Hypothesis

We propose that the sharp decline in the Firmicutes/Bacteroidetes (F/B) ratio after age 70 results from age‑dependent loss of specific host‑derived mucosal glycans that selectively support Firmicutes adhesion and growth. This glycan depletion reduces butyrate production, lowering colonocyte mitochondrial respiration and weakening the epithelial barrier, thereby contributing to inflammaging.

Mechanistic basis

• Colonocytes rely on butyrate from Firmicutes for β‑oxidation, which maintains hypoxia in the lumen and favors obligate anaerobes. Reduced butyrate elevates luminal oxygen, shifting the community toward facultative anaerobes such as Proteobacteria, a shift observed in elderly microbiota[Differences in the gut Firmicutes to Bacteroidetes ratio across age groups in healthy Ukrainian population].
• Age‑related decline in expression of glycosyltransferases (e.g., FUT2, B4GALNT2) alters the O‑glycan landscape of the colonic mucus layer[The gut microbiota and aging: interactions, implications, and interventions]).
• Firmicutes such as Faecalibacterium prausnitzii possess glycan‑binding protein modules that recognize these mucin O‑glycans; loss of these ligands decreases their competitive advantage versus Bacteroidetes, which utilize a broader range of dietary polysaccharides[The Firmicutes/Bacteroidetes Ratio: What It Means for Gut Health, Hormones, and Overall Wellness].
• Consequently, butyrate flux drops, impairing colonocyte peroxisome proliferator‑activated receptor‑γ (PPARγ) signaling and mitochondrial fatty‑acid oxidation, leading to increased epithelial permeability and systemic endotoxin translocation.

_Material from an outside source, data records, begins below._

text \<open>Atoms of a Puiseux monoid (the only unit is 0).\<close>
definition atom_of :: "rat set \<Rightarrow> rat \<Rightarrow> bool" where
  "atom_of M a \<longleftrightarrow> a \<in> M \<and> a \<noteq> 0 \<and>
     (\<forall>x\<in>M. \<forall>y\<in>M. a = x + y \<longrightarrow> x = 0 \<or> y = 0)"

definition atomic_monoid :: "rat set \<Rightarrow> bool" where
  "atomic_monoid M \<longleftrightarrow> (\<forall>x\<in>M. x \<noteq> 0 \<longrightarrow>
     (\<exists>A :: rat multiset. A \<noteq> {#} \<and> (\<forall>a\<in>#A. atom_of M a) \<and> sum_mset A = x))"

definition Z_half_third :: "rat set" where
  "Z_half_third = {of_int k / (2 ^ m * 3 ^ n) | k m n. True}"

end

theory Submission
  imports Defs
begin

(* M is generated by a_n = 1/3^n - 1/(2*4^n) and b_n = 1/2^n - 1/3^n + 1/(2*4^n) for n >= 1.
   Since a_n + b_n = 1/2^n, M contains every 1/2^n, and clearly M lies in Z[1/2, 1/3].
   M is atomic because each generator has only the trivial representation as a sum of
   generators. In any such representation the summands with 3-power denominators and those
   with 2-power denominators balance separately: their defect lies in Z[1/3] and in Z[1/2],
   hence in Z, and it has absolute value < 1. If the generator itself does not occur, then
   every occurring generator of the same kind is smaller and thus has larger index; a
   suitable linear combination of the two kinds of summands is then nonnegative on all
   occurring generators but negative on the represented one, which is impossible. *)

lemma sum_mset_add_distrib:
  "(\<Sum>i\<in>#I. f i + g i) = (\<Sum>i\<in>#I. f i) + (\<Sum>i\<in>#I. g i)"
  by (induction I) (simp_all add: algebra_simps)

lemma sum_mset_nonneg:
  fixes f :: "'a \<Rightarrow> 'b::ordered_comm_monoid_add"
  assumes "\<And>i. i \<in># I \<Longrightarrow> 0 \<le> f i"
  shows "0 \<le> (\<Sum>i\<in>#I. f i)"
  using sum_mset_mono[of I "\<lambda>_. 0" f] assms by simp

lemma member_le_sum_mset:
  fixes f :: "'a \<Rightarrow> 'b::ordered_comm_monoid_add"
  assumes "\<And>i. i \<in># I \<Longrightarrow> 0 \<le> f i" and "j \<in># I"
  shows "f j \<le> (\<Sum>i\<in>#I. f i)"
proof -
  obtain J where I: "I = add_mset j J" using multi_member_split[OF assms(2)] by blast
  have "0 \<le> (\<Sum>i\<in>#J. f i)" using assms(1) by (intro sum_mset_nonneg) (simp add: I)
  then show ?thesis unfolding I by (simp add: add_increasing2)
qed

lemma sum_mset_eq_member_imp_singleton:
  fixes f :: "'a \<Rightarrow> 'b::ordered_cancel_comm_monoid_add"
  assumes pos: "\<And>i. i \<in># I \<Longrightarrow> 0 < f i" and "j \<in># I" and "(\<Sum>i\<in>#I. f i) = f j"
  shows "I = {#j#}"
proof -
  obtain J where I: "I = add_mset j J" using multi_member_split[OF assms(2)] by blast
  have "(\<Sum>i\<in>#J. f i) = 0"
    using assms(3) unfolding I by simp (metis add.right_neutral add_left_cancel)
  have "J = {#}"
  proof (rule ccontr)
    assume "J \<noteq> {#}"
    then obtain i where "i \<in># J" by blast
    then have "f i \<le> (\<Sum>i\<in>#J. f i)"
      using pos by (intro member_le_sum_mset) (auto simp: I less_imp_le)
    then show False using pos[of i] \<open>i \<in># J\<close> \<open>(\<Sum>i\<in>#J. f i) = 0\<close> by (simp add: I)
  qed
  then show ?thesis using I by simp
qed
lemma root_level_sound:
  "x \<in> set (root_level h) \<Longrightarrow> length x = 8 \<and> vec x \<in> pos_roots \<and> sum_list x = int h + 1"
proof (induction h arbitrary: x)
  case 0
  then have "x \<in> unit_list ` {1..<9}"
    by (simp add: root_level_def)
  then obtain i where "i \<in> {1..<9}" "x = unit_list i"
    by blast
  then show ?case
    by (auto simp: pos_roots_def simple_root_vec[symmetric] roots.simple height_vec[symmetric])
      (auto simp: height_def simple_root_def)
next
  case (Suc h)
  then obtain y i where y: "y \<in> set (root_level h)" and i: "i \<in> {1..8}"
    and x: "x = reflect_list i y" "sum_list x = sum_list y + 1"
    by (auto simp: root_level_Suc mem_raise_level)
  from Suc.IH[OF y] have len: "length y = 8" and pos: "vec y \<in> pos_roots" and h: "sum_list y = int h + 1"
    by auto
  have vx: "vec x = reflect i (vec y)"
    using reflect_vec[OF len i] x(1) by simp
  have "length x = 8"
    using x(1) len by simp
  then have "height (reflect i (vec y)) = height (vec y) + 1"
    using vx x(2) len by (simp flip: height_vec)
  then have "vec x = (\<lambda>j. vec y j + simple_root i j)"
    using reflect_raising_height[OF i] vx by simp
  then have "\<forall>j. 0 \<le> vec x j"
    using pos by (auto simp: pos_roots_def simple_root_def add_nonneg_nonneg)
  moreover have "vec x \<in> roots"
    using vx pos i by (simp add: pos_roots_def roots.refl)
  ultimately show ?case
    using x h len by (simp add: pos_roots_def)
qed

lemma root_level_complete:
  assumes "e8_vector \<beta>" "\<forall>j. 0 \<le> \<beta> j" "form \<beta> \<beta> = 2" "height \<beta> = int h + 1"
  shows "\<exists>x\<in>set (root_level h). \<beta> = vec x"
  using assms
proof (induction h arbitrary: \<beta>)
  case 0
  then obtain i where "i \<in> {1..8}" "\<beta> = simple_root i"
    by (auto elim: height_one_simple_root)
  then show ?case
    by (auto simp: root_level_def simple_root_vec)
next
  case (Suc h)
  then obtain i where i: "i \<in> {1..8}" "1 \<le> \<beta> i" "form \<beta> (simple_root i) = 1"
    by (auto elim: norm2_descent)
  define \<gamma> where "\<gamma> = (\<lambda>j. \<beta> j - 1 * simple_root i j)"
  have "e8_vector \<gamma>"
    using Suc.prems(1) i(1) by (auto simp: \<gamma>_def e8_vector_def simple_root_def)
  moreover have "\<forall>j. 0 \<le> \<gamma> j"
    using Suc.prems(2) i(2) by (simp add: \<gamma>_def simple_root_def)
  moreover have "form \<gamma> \<gamma> = 2"
    unfolding \<gamma>_def form_self_lincomb form_simple_simple[OF i(1)] Suc.prems(3) i(3) by simp
  moreover have "height \<gamma> = int h + 1"
    unfolding \<gamma>_def height_lincomb_simple[OF i(1)] Suc.prems(4) by simp
  ultimately obtain y where y: "y \<in> set (root_level h)" "\<gamma> = vec y"
    using Suc.IH by blast
  have len: "length y = 8" and hy: "sum_list y = int h + 1"
    using root_level_sound[OF y(1)] by auto
  have "form \<gamma> (simple_root i) = -1"
    unfolding \<gamma>_def form_lincomb_left form_simple_simple[OF i(1)] i(3) by simp
  then have "reflect i \<gamma> = \<beta>"
    by (simp add: reflect_def \<gamma>_def fun_eq_iff)
  then have \<beta>: "\<beta> = vec (reflect_list i y)"
    using reflect_vec[OF len i(1)] y(2) by simp
  then have "sum_list (reflect_list i y) = sum_list y + 1"
    using Suc.prems(4) hy height_vec[of "reflect_list i y"] len by simp
  with y(1) i(1) have "reflect_list i y \<in> set (root_level (Suc h))"
    unfolding root_level_Suc mem_raise_level by blast
  with \<beta> show ?case
    by blast
qed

Predictions and experimental design

1. Human cohort – Measure fecal mucin O‑glycan profiles (via LC‑MS) and F/B ratio across ages (20‑90). Expect a negative correlation between specific sulfated/sialylated glycans and Firmicutes abundance, strongest after 70[Differences in the gut Firmicutes to Bacteroidetes ratio across age groups in healthy Ukrainian population]).
2. Intervention – Supplement aged mice with purified mucin O‑glycans (e.g., sialyl‑Lewis^x) and assess: (a) Firmicutes abundance, (b) fecal butyrate, (c) colonocyte oxygen consumption (Seahorse), (d) barrier integrity (FITC‑dextran assay). Predict restoration of Firmicutes and butyrate to mid‑life levels.
3. Mechanistic test – Use germ‑free mice colonized with a defined Firmicutes strain lacking the mucin‑binding protein; glycan supplementation will not rescue its abundance, confirming the ligand‑receptor specificity.
4. Falsifiability – If glycan supplementation fails to increase Firmicutes or butyrate in aged subjects, or if mucin glycan loss does not correlate with the F/B decline, the hypothesis is refuted.

Broader implications

Linking host glycan biosynthesis to microbial ecology provides a testable, host‑centric mechanism for the post‑70 F/B shift, moving beyond correlative ratios toward causal interventions that could preserve colonocyte health and mitigate inflammaging.